Here is a few pics of skulls . pic of 80 year old croc with hatchie croc to show 
how big it is . camel , dog skulls i got from a vet , skull from my giant pet rat , hog skull i shot when i was in south africa ,


----------



## Elapidae1 (Jun 7, 2010)

creepy they sell real human bones


----------



## Kenshin (Jun 7, 2010)

steve1 said:


> creepy they sell real human bones


 
every goth's wet dream


----------



## junglepython2 (Jun 7, 2010)

How do you go importing that kind of stuff into the country?


----------



## cris (Jun 7, 2010)

junglepython2 said:


> How do you go importing that kind of stuff into the country?


 
Dont get caught :lol:


----------



## REPTILIAN-KMAN (Jun 7, 2010)

very easy to import as there is no flesh on bone has been bleached and treated, skulls unlimited provides cerificates with your product and the procedures with meet import regulations in australia ( all have been treated and are bleached as above so there is never any problems with mine they have only been opened once by customs and i have purchased so many over the years i am a massive private collector and one of the biggest in nsw other than the museums. skulls unlimited sell threr produts to the world for teaching purposes and collectors such as my self. you wont have a problem importing but email them if you feel you need to.


----------



## Kenshin (Jun 7, 2010)

kman what reptile skellys do you have or do you just get the skulls?


----------



## REPTILIAN-KMAN (Jun 7, 2010)

cris said:


> Dont get caught :lol:



no need to get caught 

just declare it in post they are legal


----------



## herptrader (Jun 7, 2010)

Many of their skeletons would appear to be replicas which I doubt there would be any issues importing.


----------



## REPTILIAN-KMAN (Jun 7, 2010)

no i only collect natural bone - please understand that just because its bone doesnt mean it has an import risk !

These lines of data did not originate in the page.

(* Let $A$ be an $n\times n$ right stochastic matrix with Dobrushin coefficient $\sigma(A)>0$, and let $\{A_k\}_{k\in\mathbb{N}}$ be a sequence of $n\times n$ right stochastic matrices. Let $\mu^*$ be the unique probability vector with $\mu^*=\mu^*A$. For every $\epsilon\in(0,1)$, if \[ \sup_{k\in\mathbb{N}}\|A_k-A\|_\infty\le\frac{\sigma(A)\,\epsilon}{2n}, \] then for every probability (row) vector $\mu_0$ of dimension $n$, \[ \limsup_{k\to\infty}\|\mu_0A_0A_1\cdots A_k-\mu^*\|_1\le\epsilon . \]
   Context: The Dobrushin coefficient of an $n\times n$ right stochastic matrix $A$ is $\sigma(A)=\min_{i,k\in\{1,\dots,n\}}\sum_{j=1}^n\min\{A(i,j),A(k,j)\}\in[0,1]$. $\|M\|_\infty$ denotes the maximum absolute entry (or the induced max-row-sum norm) of a matrix; probability vectors are row vectors and $\|\cdot\|_1$ is the $\ell^1$ norm. *)

theory Defs
  imports "HOL-Analysis.Analysis"
begin

text \<open>n x n real matrices are represented as real^'n^'n with 'n a finite index type
 (n = CARD('n)); row vectors as real^'n, and the row-vector/matrix product is v* .\<close>

definition right_stochastic :: "real^'n::finite^'n \<Rightarrow> bool" where
  "right_stochastic A \<longleftrightarrow> (\<forall>i j. A $ i $ j \<ge> 0) \<and> (\<forall>i. (\<Sum>j\<in>UNIV. A $ i $ j) = 1)"

definition prob_vector :: "real^'n::finite \<Rightarrow> bool" where
  "prob_vector v \<longleftrightarrow> (\<forall>i. v $ i \<ge> 0) \<and> (\<Sum>i\<in>UNIV. v $ i) = 1"

definition dobrushin :: "real^'n::finite^'n \<Rightarrow> real" where
  "dobrushin A = Min {(\<Sum>j\<in>UNIV. min (A $ i $ j) (A $ k $ j)) | i k. True}"

definition max_abs_entry :: "real^'n::finite^'n \<Rightarrow> real" where
  "max_abs_entry M = Max {\<bar>M $ i $ j\<bar> | i j. True}"

definition norm1 :: "real^'n::finite \<Rightarrow> real" where
  "norm1 v = (\<Sum>i\<in>UNIV. \<bar>v $ i\<bar>)"

fun left_prod :: "(nat \<Rightarrow> real^'n::finite^'n) \<Rightarrow> nat \<Rightarrow> real^'n^'n" where
  "left_prod As 0 = As 0"
| "left_prod As (Suc k) = left_prod As k ** As (Suc k)"

end

theory Submission
  imports Defs
begin

text \<open>Split a zero-sum vector as x = p - q with p, q \<ge> 0 of equal mass s. Coupling p with q
  writes s (x A) as a nonnegative combination, of total weight s^2, of differences A_i - A_k of
  rows of A, and each of these has l1-norm 2 - 2 \<Sum>_j min (A_ij, A_kj) \<le> 2 (1 - \<sigma>(A)); hence A
  contracts zero-sum vectors by the factor 1 - \<sigma>(A). Since
  \<mu>_(k+1) - \<mu>* = (\<mu>_k - \<mu>*) A + \<mu>_k (A_(k+1) - A) and the last term has l1-norm at most
  n max_ij |A_(k+1) - A|_ij \<le> \<sigma> \<epsilon> / 2, the error e_k = |\<mu>_k - \<mu>*|_1 obeys
  e_(k+1) \<le> (1 - \<sigma>) e_k + \<sigma> \<epsilon> / 2, so its limit superior is at most \<epsilon> / 2.\<close>

lemma vector_matrix_mult_nth: "(x v* M) $ j = (\<Sum>i\<in>UNIV. x $ i * M $ i $ j)"
  by (simp add: vector_matrix_mult_def)

lemma vector_matrix_mult_eq_sum_rows:
  "x v* (M::real^'n::finite^'m::finite) = (\<Sum>i\<in>UNIV. x $ i *\<^sub>R M $ i)"
  by (simp add: vec_eq_iff vector_matrix_mult_nth sum_component)

lemma norm1_nonneg: "0 \<le> norm1 x"
  unfolding norm1_def by (simp add: sum_nonneg)

lemma norm1_0 [simp]: "norm1 0 = 0"
  by (simp add: norm1_def)

lemma norm1_eq_0_iff: "norm1 x = 0 \<longleftrightarrow> x = 0"
  unfolding norm1_def by (simp add: sum_nonneg_eq_0_iff vec_eq_iff)

lemma norm1_add: "norm1 (x + y) \<le> norm1 x + norm1 y"
  unfolding norm1_def by (simp add: sum.distrib[symmetric] sum_mono abs_triangle_ineq)

lemma norm1_scaleR: "norm1 (c *\<^sub>R x) = \<bar>c\<bar> * norm1 x"
  unfolding norm1_def by (simp add: abs_mult sum_distrib_left)

lemma norm1_sum_le:
  assumes "finite I"
  shows "norm1 (\<Sum>i\<in>I. f i) \<le> (\<Sum>i\<in>I. norm1 (f i))"
  using assms
proof (induction I rule: finite_induct)
  case (insert i I)
  then show ?case using norm1_add[of "f i" "sum f I"] by simp
qed simp

lemma norm1_prob_vector: "prob_vector v \<Longrightarrow> norm1 v = 1"
  unfolding norm1_def prob_vector_def by simp

lemma norm1_vector_matrix_mult_le:
  "norm1 (x v* (M::real^'n::finite^'n)) \<le> norm1 x * (real CARD('n) * max_abs_entry M)"
proof -
  have entry_le: "\<bar>M $ i $ j\<bar> \<le> max_abs_entry M" for i j
    unfolding max_abs_entry_def
  proof (rule Max_ge)
    have "{\<bar>M $ i $ j\<bar> | i j. True} = (\<lambda>(i, j). \<bar>M $ i $ j\<bar>) ` UNIV" by auto
    then show "finite {\<bar>M $ i $ j\<bar> | i j. True}" by simp
  qed auto
  have "norm1 (x v* M) \<le> (\<Sum>j\<in>(UNIV::'n set). \<Sum>i\<in>UNIV. \<bar>x $ i\<bar> * max_abs_entry M)"
    unfolding norm1_def vector_matrix_mult_nth
  proof (rule sum_mono)
    fix j
    have "\<bar>\<Sum>i\<in>UNIV. x $ i * M $ i $ j\<bar> \<le> (\<Sum>i\<in>UNIV. \<bar>x $ i\<bar> * \<bar>M $ i $ j\<bar>)"
      unfolding abs_mult[symmetric] by (rule sum_abs)
    also have "\<dots> \<le> (\<Sum>i\<in>UNIV. \<bar>x $ i\<bar> * max_abs_entry M)"
      by (intro sum_mono mult_left_mono entry_le abs_ge_zero)
    finally show "\<bar>\<Sum>i\<in>UNIV. x $ i * M $ i $ j\<bar> \<le> \<dots>" .
  qed
  also have "\<dots> = norm1 x * (real CARD('n) * max_abs_entry M)"
    by (simp add: norm1_def sum_distrib_left sum_distrib_right mult_ac)
  finally show ?thesis .
qed

lemma prob_vector_vector_matrix_mult:
  "prob_vector v \<Longrightarrow> right_stochastic A \<Longrightarrow> prob_vector (v v* A)"
  unfolding prob_vector_def right_stochastic_def
  by (auto simp: vector_matrix_mult_nth sum.swap[of _ UNIV UNIV] sum_distrib_left[symmetric]
      intro!: sum_nonneg)

lemma prob_vector_left_prod:
  assumes "prob_vector v" and "\<And>k. right_stochastic (As k)"
  shows "prob_vector (v v* left_prod As k)"
proof (induction k)
  case 0
  then show ?case using assms by (simp add: prob_vector_vector_matrix_mult)
next
  case (Suc k)
  then show ?case
    using assms(2) by (simp add: prob_vector_vector_matrix_mult flip: vector_matrix_mul_assoc)
qed

lemma dobrushin_le: "dobrushin A \<le> (\<Sum>j\<in>UNIV. min (A $ i $ j) (A $ k $ j))"
  unfolding dobrushin_def
proof (rule Min_le)
  have "{(\<Sum>j\<in>UNIV. min (A $ i $ j) (A $ k $ j)) | i k. True}
      = (\<lambda>(i, k). \<Sum>j\<in>UNIV. min (A $ i $ j) (A $ k $ j)) ` UNIV" by auto
  then show "finite {(\<Sum>j\<in>UNIV. min (A $ i $ j) (A $ k $ j)) | i k. True}" by simp
qed auto

lemma dobrushin_le_1: "right_stochastic A \<Longrightarrow> dobrushin A \<le> 1"
  using dobrushin_le[of A undefined undefined] unfolding right_stochastic_def by simp

lemma norm1_row_diff_le:
  assumes "right_stochastic A"
  shows "norm1 (A $ i - A $ k) \<le> 2 * (1 - dobrushin A)"
proof -
  have "\<bar>a - b\<bar> = a + b - 2 * min a b" for a b :: real
    by (simp add: abs_if min_def)
  then have "norm1 (A $ i - A $ k) = (\<Sum>j\<in>UNIV. A $ i $ j) + (\<Sum>j\<in>UNIV. A $ k $ j)
      - 2 * (\<Sum>j\<in>UNIV. min (A $ i $ j) (A $ k $ j))"
    by (simp add: norm1_def sum.distrib sum_subtractf sum_distrib_left)
  then show ?thesis
    using assms dobrushin_le[of A i k] unfolding right_stochastic_def by simp
qed

lemma scaleR_sum_eq_coupling:
  fixes r :: "'i \<Rightarrow> 'a::real_vector"
  assumes "finite I" and "sum p I = s" and "sum q I = s"
  shows "s *\<^sub>R (\<Sum>i\<in>I. (p i - q i) *\<^sub>R r i) = (\<Sum>i\<in>I. \<Sum>k\<in>I. (p i * q k) *\<^sub>R (r i - r k))"
proof -
  have "(\<Sum>i\<in>I. \<Sum>k\<in>I. (p i * q k) *\<^sub>R r i) = s *\<^sub>R (\<Sum>i\<in>I. p i *\<^sub>R r i)"
    using assms(3)
    by (simp add: scaleR_sum_right scaleR_sum_left[symmetric] sum_distrib_left[symmetric]
        mult.commute)
  moreover have "(\<Sum>i\<in>I. \<Sum>k\<in>I. (p i * q k) *\<^sub>R r k) = s *\<^sub>R (\<Sum>k\<in>I. q k *\<^sub>R r k)"
    using assms(2) by (subst sum.swap) (simp add: scaleR_sum_right scaleR_sum_left[symmetric]
        sum_distrib_right[symmetric])
  ultimately show ?thesis
    by (simp add: scaleR_diff_left scaleR_diff_right sum_subtractf)
qed

lemma norm1_vector_matrix_mult_zero_sum_le:
  assumes A: "right_stochastic A" and x: "(\<Sum>i\<in>UNIV. x $ i) = 0"
  shows "norm1 (x v* A) \<le> (1 - dobrushin A) * norm1 x"
proof -
  define p where "p i = max (x $ i) 0" for i
  define q where "q i = max (- x $ i) 0" for i
  define s where "s = sum p UNIV"
  have x_eq: "x $ i = p i - q i" and abs_x_eq: "\<bar>x $ i\<bar> = p i + q i"
    and pq_nonneg: "0 \<le> p i * q k" for i k
    by (auto simp: p_def q_def max_def)
  have sum_q: "sum q UNIV = s"
    using x unfolding s_def x_eq by (simp add: sum_subtractf)
  have norm1_x: "norm1 x = 2 * s"
    by (simp add: norm1_def abs_x_eq sum.distrib sum_q s_def)
  show ?thesis
  proof (cases "s = 0")
    case True
    then show ?thesis using norm1_x by (simp add: norm1_eq_0_iff)
  next
    case False
    then have "0 < s" using norm1_x norm1_nonneg[of x] by simp
    have "s * norm1 (x v* A) = norm1 (s *\<^sub>R (\<Sum>i\<in>UNIV. (p i - q i) *\<^sub>R A $ i))"
      using \<open>0 < s\<close> by (simp add: norm1_scaleR vector_matrix_mult_eq_sum_rows x_eq)
    also have "\<dots> = norm1 (\<Sum>i\<in>UNIV. \<Sum>k\<in>UNIV. (p i * q k) *\<^sub>R (A $ i - A $ k))"
      by (simp only: scaleR_sum_eq_coupling[OF finite_class.finite_UNIV s_def[symmetric] sum_q])
    also have "\<dots> \<le> (\<Sum>i\<in>UNIV. \<Sum>k\<in>UNIV. norm1 ((p i * q k) *\<^sub>R (A $ i - A $ k)))"
      by (rule order_trans[OF norm1_sum_le]) (simp_all add: sum_mono norm1_sum_le)
    also have "\<dots> = (\<Sum>i\<in>UNIV. \<Sum>k\<in>UNIV. p i * q k * norm1 (A $ i - A $ k))"
      using pq_nonneg by (simp add: norm1_scaleR)
    also have "\<dots> \<le> (\<Sum>i\<in>UNIV. \<Sum>k\<in>UNIV. p i * q k * (2 * (1 - dobrushin A)))"
      by (intro sum_mono mult_left_mono norm1_row_diff_le A pq_nonneg)
    also have "\<dots> = sum p UNIV * sum q UNIV * (2 * (1 - dobrushin A))"
      unfolding sum_product by (simp only: sum_distrib_right)
    also have "\<dots> = s * ((1 - dobrushin A) * norm1 x)"
      by (simp add: norm1_x sum_q flip: s_def)
    finally show ?thesis using \<open>0 < s\<close> by simp
  qed
qed

lemma norm1_perturbed_step_le:
  fixes A B :: "real^'n::finite^'n"
  assumes A: "right_stochastic A" and \<mu>: "prob_vector \<mu>"
    and \<nu>: "prob_vector \<nu>" and stationary: "\<nu> v* A = \<nu>"
  shows "norm1 (\<mu> v* B - \<nu>)
    \<le> (1 - dobrushin A) * norm1 (\<mu> - \<nu>) + real CARD('n) * max_abs_entry (B - A)"
proof -
  have split: "\<mu> v* B - \<nu> = (\<mu> - \<nu>) v* A + \<mu> v* (B - A)"
    using stationary by (simp add: vector_matrix_mult_diff_distrib vector_matrix_mult_diff_rdistrib)
  have "(\<Sum>i\<in>UNIV. (\<mu> - \<nu>) $ i) = 0"
    using \<mu> \<nu> by (simp add: prob_vector_def sum_subtractf)
  then have "norm1 ((\<mu> - \<nu>) v* A) \<le> (1 - dobrushin A) * norm1 (\<mu> - \<nu>)"
    by (rule norm1_vector_matrix_mult_zero_sum_le[OF A])
  moreover have "norm1 (\<mu> v* (B - A)) \<le> real CARD('n) * max_abs_entry (B - A)"
    using norm1_vector_matrix_mult_le[of \<mu> "B - A"] by (simp add: norm1_prob_vector \<mu>)
  ultimately show ?thesis
    unfolding split using norm1_add[of "(\<mu> - \<nu>) v* A" "\<mu> v* (B - A)"] by simp
qed

lemma limsup_le_of_affine_contraction:
  fixes e :: "nat \<Rightarrow> real"
  assumes "0 < \<sigma>" and "\<sigma> \<le> 1" and step: "\<And>k. e (Suc k) \<le> (1 - \<sigma>) * e k + \<sigma> * c"
  shows "limsup (\<lambda>k. ereal (e k)) \<le> ereal c"
proof -
  have bound: "e k \<le> c + (1 - \<sigma>) ^ k * (e 0 - c)" for k
  proof (induction k)
    case (Suc k)
    have "e (Suc k) - c \<le> (1 - \<sigma>) * (e k - c)"
      using step[of k] by (simp add: algebra_simps)
    also have "\<dots> \<le> (1 - \<sigma>) * ((1 - \<sigma>) ^ k * (e 0 - c))"
      using Suc assms(2) by (intro mult_left_mono) auto
    finally show ?case by simp
  qed simp
  have "(\<lambda>k. c + (1 - \<sigma>) ^ k * (e 0 - c)) \<longlonglongrightarrow> c"
    using assms(1,2) by (auto intro!: tendsto_eq_intros LIMSEQ_power_zero)
  then have "limsup (\<lambda>k. ereal (c + (1 - \<sigma>) ^ k * (e 0 - c))) = ereal c"
    by (intro lim_imp_Limsup) auto
  moreover have "limsup (\<lambda>k. ereal (e k)) \<le> limsup (\<lambda>k. ereal (c + (1 - \<sigma>) ^ k * (e 0 - c)))"
    using bound by (intro Limsup_mono) auto
  ultimately show ?thesis by simp
qed

theorem lemma4:
  fixes A :: "real^'n::finite^'n" and As :: "nat \<Rightarrow> real^'n^'n"
    and mu_star mu0 :: "real^'n" and \<epsilon> :: real
  assumes "right_stochastic A" and "dobrushin A > 0"
    and "\<forall>k. right_stochastic (As k)"
    and "prob_vector mu_star" and "mu_star = mu_star v* A"
    and "0 < \<epsilon>" and "\<epsilon> < 1"
    and "\<forall>k. max_abs_entry (As k - A) \<le> dobrushin A * \<epsilon> / (2 * real CARD('n))"
    and "prob_vector mu0"
  shows "limsup (\<lambda>k. ereal (norm1 (mu0 v* left_prod As k - mu_star))) \<le> ereal \<epsilon>"
proof -
  define e where "e k = norm1 (mu0 v* left_prod As k - mu_star)" for k
  have "e (Suc k) \<le> (1 - dobrushin A) * e k + dobrushin A * (\<epsilon> / 2)" for k
  proof -
    have "e (Suc k) \<le> (1 - dobrushin A) * e k + real CARD('n) * max_abs_entry (As (Suc k) - A)"
      unfolding e_def left_prod.simps vector_matrix_mul_assoc[symmetric]
      using assms(3,5,9) by (intro norm1_perturbed_step_le prob_vector_left_prod assms(1,4)) auto
    moreover have "real CARD('n) * max_abs_entry (As (Suc k) - A) \<le> dobrushin A * (\<epsilon> / 2)"
      using assms(8) by (simp add: field_simps)
    ultimately show ?thesis by linarith
  qed
  then have "limsup (\<lambda>k. ereal (e k)) \<le> ereal (\<epsilon> / 2)"
    using assms(2) dobrushin_le_1[OF assms(1)] by (intro limsup_le_of_affine_contraction)
  also have "\<dots> \<le> ereal \<epsilon>" using assms(6) by simp
  finally show ?thesis by (simp add: e_def)
qed

end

All flesh on the bone has been removed and the bones have been treated so there is no RISK to our wildlife the bleach not only whitens but kills micro bacteria or other living organisims.

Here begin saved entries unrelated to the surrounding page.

lemma T_bound_finite_colouring:
  fixes COL :: "'a set \<Rightarrow> nat"
  assumes "T_bound n S lt t" and "finite (COL ` nsubsets S n)"
  obtains S' where "S' \<subseteq> S" "order_equiv lt S' S" "card (COL ` nsubsets S' n) \<le> t"
proof -
  define c where "c = Suc (Max (insert 0 (COL ` nsubsets S n)))"
  have c: "1 \<le> c"
    by (simp add: c_def)
  have colours: "Suc (COL X) \<in> {1..c}" if "X \<in> nsubsets S n" for X
    using assms(2) that unfolding c_def by (simp add: Max_ge)
  obtain S' where S': "S' \<subseteq> S" "order_equiv lt S' S"
      "card ((\<lambda>X. Suc (COL X)) ` nsubsets S' n) \<le> t"
    using assms(1)[unfolded T_bound_def, rule_format, of c "\<lambda>X. Suc (COL X)", OF c colours]
    by blast
  have "card ((\<lambda>X. Suc (COL X)) ` nsubsets S' n) = card (COL ` nsubsets S' n)"
    using card_image[of Suc "COL ` nsubsets S' n"] by (simp add: image_image)
  with S' show thesis
    using that by simp
qed

lemma Ramsey_nsets_finite_family:
  fixes f :: "'b \<Rightarrow> 'a set \<Rightarrow> nat"
  assumes "finite L" "infinite Z" "\<And>s. s \<in> L \<Longrightarrow> f s ` [Z]\<^bsup>r\<^esup> \<subseteq> {..<c}"
  obtains Y t where "Y \<subseteq> Z" "infinite Y" "\<forall>s\<in>L. f s ` [Y]\<^bsup>r\<^esup> \<subseteq> {t s}"
proof -
  have "\<exists>Y\<subseteq>Z. infinite Y \<and> (\<forall>s\<in>L'. \<exists>t. f s ` [Y]\<^bsup>r\<^esup> \<subseteq> {t})" if "L' \<subseteq> L" for L'
    using finite_subset[OF that assms(1)] that
  proof (induction L' rule: finite_induct)
    case empty
    then show ?case using assms(2) by blast
  next
    case (insert s0 L')
    then have "L' \<subseteq> L" "s0 \<in> L"
      by auto
    then obtain Y where Y: "Y \<subseteq> Z" "infinite Y" "\<forall>s\<in>L'. \<exists>t. f s ` [Y]\<^bsup>r\<^esup> \<subseteq> {t}"
      using insert.IH by blast
    have "f s0 ` [Y]\<^bsup>r\<^esup> \<subseteq> {..<c}"
      using assms(3)[OF \<open>s0 \<in> L\<close>] image_mono[OF nsets_mono[OF Y(1)]] by (rule order_trans[rotated])
    then obtain Y' t0 where Y': "Y' \<subseteq> Y" "infinite Y'" "t0 < c" "f s0 ` [Y']\<^bsup>r\<^esup> \<subseteq> {t0}"
      by (rule Ramsey_nsets[OF Y(2)])
    have "\<exists>t. f s ` [Y']\<^bsup>r\<^esup> \<subseteq> {t}" if "s \<in> L'" for s
    proof -
      obtain t where "f s ` [Y]\<^bsup>r\<^esup> \<subseteq> {t}"
        using Y(3) \<open>s \<in> L'\<close> by blast
      then show ?thesis
        using nsets_mono[OF Y'(1)] by (meson image_mono order_trans)
    qed
    then have "\<forall>s\<in>insert s0 L'. \<exists>t. f s ` [Y']\<^bsup>r\<^esup> \<subseteq> {t}"
      using Y'(4) by blast
    moreover have "Y' \<subseteq> Z"
      using Y(1) Y'(1) by (rule order_trans[rotated])
    ultimately show ?case
      using Y'(2) by blast
  qed
  from this[OF order_refl] obtain Y
    where Y: "Y \<subseteq> Z" "infinite Y" and hom: "\<forall>s\<in>L. \<exists>t. f s ` [Y]\<^bsup>r\<^esup> \<subseteq> {t}"
    by blast
  obtain t where "\<forall>s\<in>L. f s ` [Y]\<^bsup>r\<^esup> \<subseteq> {t s}"
    using bchoice[OF hom] by blast
  then show thesis
    by (rule that[OF Y])
qed

lemma increasing_below_eq_id:
  fixes \<beta> :: "nat \<Rightarrow> nat"
  assumes step: "\<And>i. Suc i < k \<Longrightarrow> \<beta> i < \<beta> (Suc i)" and bound: "\<And>i. i < k \<Longrightarrow> \<beta> i < k"
    and "j < k"
  shows "\<beta> j = j"
proof (rule antisym)
  show "\<beta> j \<le> j"
    using \<open>j < k\<close>
  proof (induction "k - Suc j" arbitrary: j)
    case 0
    then show ?case using bound[of j] by simp
  next
    case (Suc m)
    then have "Suc j < k" "\<beta> (Suc j) \<le> Suc j"
      using Suc.hyps(1)[of "Suc j"] by auto
    then show ?case
      using step[of j] by simp
  qed
  show "j \<le> \<beta> j"
    using \<open>j < k\<close>
  proof (induction j)
    case (Suc j)
    then show ?case using step[of j] by simp
  qed simp
qed

lemma mem_omega_times_iff: "x \<in> omega_times k \<longleftrightarrow> fst x < k"
  by (cases x) (simp add: omega_times_def)

text \<open>The pair \<open>(b, a)\<close> is \<open>\<omega>\<cdot>b + a\<close>, so this lists blocks by increasing position \<open>a\<close>.
  When two elements share a position, \<open>SOME\<close> keeps only one of their blocks.\<close>
definition block_pattern :: "(nat \<times> nat) set \<Rightarrow> nat list" where
  "block_pattern X = map (\<lambda>a. SOME b. (b, a) \<in> X) (sorted_list_of_set (snd ` X))"

definition block_patterns :: "nat \<Rightarrow> nat \<Rightarrow> nat list set" where
  "block_patterns k n = {s. set s \<subseteq> {..<k} \<and> length s = n}"

lemma finite_block_patterns: "finite (block_patterns k n)"
  unfolding block_patterns_def using finite_lists_length_eq[of "{..<k}" n] by simp

lemma card_block_patterns: "card (block_patterns k n) = k ^ n"
  unfolding block_patterns_def using card_lists_length_eq[of "{..<k}" n] by simp

lemma set_block_pattern_subset:
  assumes "X \<subseteq> omega_times k"
  shows "set (block_pattern X) \<subseteq> {..<k}"
proof
  fix b assume "b \<in> set (block_pattern X)"
  then obtain a where a: "a \<in> set (sorted_list_of_set (snd ` X))" "b = (SOME b. (b, a) \<in> X)"
    unfolding block_pattern_def by auto
  then have "a \<in> snd ` X"
    by (cases "finite (snd ` X)") auto
  then have "(b, a) \<in> X"
    unfolding a(2) by (auto intro: someI)
  then show "b \<in> {..<k}"
    using assms unfolding omega_times_def by auto
qed

lemma length_block_pattern: "length (block_pattern X) = card (snd ` X)"
  by (simp add: block_pattern_def)

lemma block_pattern_zip:
  assumes "sorted_wrt (<) ys" and "length s = length ys"
  shows "block_pattern (set (zip s ys)) = s"
proof -
  let ?X = "set (zip s ys)"
  have "distinct ys"
    using assms(1) by (simp add: strict_sorted_iff)
  have "snd ` ?X = set ys"
    using assms(2) by (metis map_snd_zip set_map)
  then have "sorted_list_of_set (snd ` ?X) = ys"
    using assms(1) by (simp add: sorted_list_of_set_sort_remdups strict_sorted_iff distinct_remdups_id sorted_sort_id)
  moreover have "(SOME b. (b, ys ! i) \<in> ?X) = s ! i" if "i < length ys" for i
  proof (rule some_equality)
    show "(s ! i, ys ! i) \<in> ?X"
      using that assms(2) by (metis in_set_zip fst_conv snd_conv)
    fix b assume "(b, ys ! i) \<in> ?X"
    then obtain m where "m < length ys" "s ! m = b" "ys ! m = ys ! i"
      by (auto simp: in_set_zip)
    with \<open>distinct ys\<close> that show "b = s ! i"
      using nth_eq_iff_index_eq by metis
  qed
  ultimately show ?thesis
    using assms(2) unfolding block_pattern_def by (simp add: list_eq_iff_nth_eq)
qed

lemma set_zip_block_pattern:
  assumes "finite X" and "inj_on snd X"
  shows "set (zip (block_pattern X) (sorted_list_of_set (snd ` X))) = X"
proof -
  have block: "(SOME b. (b, snd x) \<in> X) = fst x" if "x \<in> X" for x
  proof (rule some_equality)
    show "(fst x, snd x) \<in> X"
      using that by simp
    fix b assume "(b, snd x) \<in> X"
    then have "(b, snd x) = x"
      using inj_onD[OF assms(2), of "(b, snd x)" x] that by simp
    then show "b = fst x"
      by (metis fst_conv)
  qed
  have "set (zip (block_pattern X) (sorted_list_of_set (snd ` X)))
      = (\<lambda>a. (SOME b. (b, a) \<in> X, a)) ` snd ` X"
    using assms(1) by (simp add: block_pattern_def zip_map1 zip_same_conv_map image_image)
  also have "\<dots> = (\<lambda>x. (SOME b. (b, snd x) \<in> X, snd x)) ` X"
    by (simp add: image_image)
  also have "\<dots> = (\<lambda>x. x) ` X"
    by (intro image_cong refl) (simp add: block)
  finally show ?thesis
    by simp
qed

when looking at their website look for natural bone not plastic replicas, these will clearly be marked on items - australian zoos use this company to buy there stock off such as the australian zoo ( ret python ).

the items sold are high quality and are inspected by the US wildlife and fisheries office any item that does not meet there standards does not get exported !
as above not once has any of my items ever been held back in the US or Australian customs as its treated and customs have information sheets on their database with reguards to importation risks.

otherwise email australian customs www.customs.gov.au or www.aqis.gov.au with any questions 

you wont have any problems but hint buy bulk its cheaper


----------



## Gekambi (Jun 7, 2010)

That is pretty cool. Although the range that is currently available isn't the most exciting of speices. But all shops of this style (can't just make them when stock goes low) have problems like that sometimes.


----------



## REPTILIAN-KMAN (Jun 7, 2010)

Gekambi said:


> That is pretty cool. Although the range that is currently available isn't the most exciting of speices. But all shops of this style (can't just make them when stock goes low) have problems like that sometimes.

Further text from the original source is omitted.